# [WHAT THE TASK ASKS]
Could you retype all of the data below exactly as given?

# [RECORDS SHOWN]
.....

(* Let $\bar x\in\Phi$ be a local second-order weak sharp minimizer of problem (P) with corresponding constants $\kappa>0$ and $\delta>0$. Then for any $\varepsilon\in[0,1/2)$, every $x\in S\cap B_\delta(\bar x)$, every $d\in C(x)\cap N^{P,\varepsilon}_S(x)$, and every $\lambda\in\mathbb{R}^m$ with $\nabla_x L(x,\lambda)=0$, one has (i) $\sigma_{\nabla g(x)(T''_\Phi(x;d))}(\lambda)\le 0$; (ii) $\nabla^2_{xx}L(x,\lambda)(d,d)-\sigma_{\nabla g(x)(T^2_\Phi(x;d))+\nabla^2 g(x)(d,d)}(\lambda)\ge 2\kappa(1-2\varepsilon)^2\|d\|^2$.
   Context: Standing setting: $f:\mathbb{R}^n\to\mathbb{R}$ and $g:\mathbb{R}^n\to\mathbb{R}^m$ are twice continuously differentiable, $K\subset\mathbb{R}^m$ is closed, and (P) is the problem $\min f(x)$ s.t. $g(x)\in K$. $\Phi:=\{x\in\mathbb{R}^n: g(x)\in K\}$ is the feasible set and $S$ is the (nonempty) set of optimal solutions of (P). $L(x,\lambda):=f(x)+\langle g(x),\lambda\rangle$. $B_\delta(x)$ is the ball of radius $\delta$ centered at $x$. A point $\bar x\in\Phi$ is a local second-order weak sharp minimizer of (P) with constants $\kappa,\delta>0$ if $f(x)\ge f(\bar x)+\kappa[\mathrm{dist}(x,S)]^2$ for all $x\in\Phi\cap B_\delta(\bar x)$. For a closed set $A$ and $\bar x\in A$: the tangent cone is $T_A(\bar x):=\{d:\exists t_k\downarrow0,d_k\to d,\ \bar x+t_kd_k\in A\}$; the outer second-order tangent set in direction $d\in T_A(\bar x)$ is $T^2_A(\bar x;d):=\{w:\exists t_k\downarrow0,w_k\to w,\ \bar x+t_kd+\tfrac12t_k^2w_k\in A\}$; the asymptotic second-order tangent cone is $T''_A(\bar x;d):=\{w:\exists (t_k,r_k)\downarrow(0,0)\text{ with } t_k/r_k\to0,\ w_k\to w,\ \bar x+t_kd+\tfrac12t_kr_kw_k\in A\}$. The critical cone at a feasible $x$ is $C(x):=\{d:\nabla g(x)d\in T_K(g(x)),\ \nabla f(x)d\le0\}$. The proximal normal cone is $N^P_A(\bar x):=\{v:\exists\tau>0 \text{ such that } \bar x \text{ is a nearest point of } A \text{ to } \bar x+\tau v\}$, and for $\varepsilon\ge0$ the $\varepsilon$-proximal normal cone is $N^{P,\varepsilon}_A(\bar x):=\{v:\mathrm{dist}(v,N^P_A(\bar x))\le\varepsilon\|v\|\}$. $\sigma_A(\lambda):=\sup_{u\in A}\langle\lambda,u\rangle$ (equal to $-\infty$ if $A=\emptyset$). $\nabla g(x)\in\mathbb{R}^{m\times n}$ is the Jacobian, $\nabla^2g(x)(d,d):=(d^T\nabla^2g_1(x)d,\dots,d^T\nabla^2g_m(x)d)$, and for a set $A\subset\mathbb{R}^n$, $\nabla g(x)(A):=\{\nabla g(x)u:u\in A\}$. *)

theory Defs
  imports "HOL-Analysis.Analysis"
begin

definition tangent_cone :: "('a::real_normed_vector) set \<Rightarrow> 'a \<Rightarrow> 'a set" where
  "tangent_cone A x = {d. \<exists>t dk. (\<forall>k. t k > 0) \<and> t \<longlonglongrightarrow> 0 \<and> dk \<longlonglongrightarrow> d \<and>
      (\<forall>k. x + t k *\<^sub>R dk k \<in> A)}"

definition second_order_tangent_set :: "('a::real_normed_vector) set \<Rightarrow> 'a \<Rightarrow> 'a \<Rightarrow> 'a set" where
  "second_order_tangent_set A x d = {w. \<exists>t wk. (\<forall>k. t k > 0) \<and> t \<longlonglongrightarrow> 0 \<and> wk \<longlonglongrightarrow> w \<and>
      (\<forall>k. x + t k *\<^sub>R d + (1/2 * (t k)\<^sup>2) *\<^sub>R wk k \<in> A)}"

.....

# [FINAL ANSWER]
(* Let $\bar x\in\Phi$ be a local second-order weak sharp minimizer of problem (P) with corresponding constants $\kappa>0$ and $\delta>0$. Then for any $\varepsilon\in[0,1/2)$, every $x\in S\cap B_\delta(\bar x)$, every $d\in C(x)\cap N^{P,\varepsilon}_S(x)$, and every $\lambda\in\mathbb{R}^m$ with $\nabla_x L(x,\lambda)=0$, one has (i) $\sigma_{\nabla g(x)(T''_\Phi(x;d))}(\lambda)\le 0$; (ii) $\nabla^2_{xx}L(x,\lambda)(d,d)-\sigma_{\nabla g(x)(T^2_\Phi(x;d))+\nabla^2 g(x)(d,d)}(\lambda)\ge 2\kappa(1-2\varepsilon)^2\|d\|^2$.
   Context: Standing setting: $f:\mathbb{R}^n\to\mathbb{R}$ and $g:\mathbb{R}^n\to\mathbb{R}^m$ are twice continuously differentiable, $K\subset\mathbb{R}^m$ is closed, and (P) is the problem $\min f(x)$ s.t. $g(x)\in K$. $\Phi:=\{x\in\mathbb{R}^n: g(x)\in K\}$ is the feasible set and $S$ is the (nonempty) set of optimal solutions of (P). $L(x,\lambda):=f(x)+\langle g(x),\lambda\rangle$. $B_\delta(x)$ is the ball of radius $\delta$ centered at $x$. A point $\bar x\in\Phi$ is a local second-order weak sharp minimizer of (P) with constants $\kappa,\delta>0$ if $f(x)\ge f(\bar x)+\kappa[\mathrm{dist}(x,S)]^2$ for all $x\in\Phi\cap B_\delta(\bar x)$. For a closed set $A$ and $\bar x\in A$: the tangent cone is $T_A(\bar x):=\{d:\exists t_k\downarrow0,d_k\to d,\ \bar x+t_kd_k\in A\}$; the outer second-order tangent set in direction $d\in T_A(\bar x)$ is $T^2_A(\bar x;d):=\{w:\exists t_k\downarrow0,w_k\to w,\ \bar x+t_kd+\tfrac12t_k^2w_k\in A\}$; the asymptotic second-order tangent cone is $T''_A(\bar x;d):=\{w:\exists (t_k,r_k)\downarrow(0,0)\text{ with } t_k/r_k\to0,\ w_k\to w,\ \bar x+t_kd+\tfrac12t_kr_kw_k\in A\}$. The critical cone at a feasible $x$ is $C(x):=\{d:\nabla g(x)d\in T_K(g(x)),\ \nabla f(x)d\le0\}$. The proximal normal cone is $N^P_A(\bar x):=\{v:\exists\tau>0 \text{ such that } \bar x \text{ is a nearest point of } A \text{ to } \bar x+\tau v\}$, and for $\varepsilon\ge0$ the $\varepsilon$-proximal normal cone is $N^{P,\varepsilon}_A(\bar x):=\{v:\mathrm{dist}(v,N^P_A(\bar x))\le\varepsilon\|v\|\}$. $\sigma_A(\lambda):=\sup_{u\in A}\langle\lambda,u\rangle$ (equal to $-\infty$ if $A=\emptyset$). $\nabla g(x)\in\mathbb{R}^{m\times n}$ is the Jacobian, $\nabla^2g(x)(d,d):=(d^T\nabla^2g_1(x)d,\dots,d^T\nabla^2g_m(x)d)$, and for a set $A\subset\mathbb{R}^n$, $\nabla g(x)(A):=\{\nabla g(x)u:u\in A\}$. *)

theory Defs
  imports "HOL-Analysis.Analysis"
begin

definition tangent_cone :: "('a::real_normed_vector) set \<Rightarrow> 'a \<Rightarrow> 'a set" where
  "tangent_cone A x = {d. \<exists>t dk. (\<forall>k. t k > 0) \<and> t \<longlonglongrightarrow> 0 \<and> dk \<longlonglongrightarrow> d \<and>
      (\<forall>k. x + t k *\<^sub>R dk k \<in> A)}"

definition second_order_tangent_set :: "('a::real_normed_vector) set \<Rightarrow> 'a \<Rightarrow> 'a \<Rightarrow> 'a set" where
  "second_order_tangent_set A x d = {w. \<exists>t wk. (\<forall>k. t k > 0) \<and> t \<longlonglongrightarrow> 0 \<and> wk \<longlonglongrightarrow> w \<and>
      (\<forall>k. x + t k *\<^sub>R d + (1/2 * (t k)\<^sup>2) *\<^sub>R wk k \<in> A)}"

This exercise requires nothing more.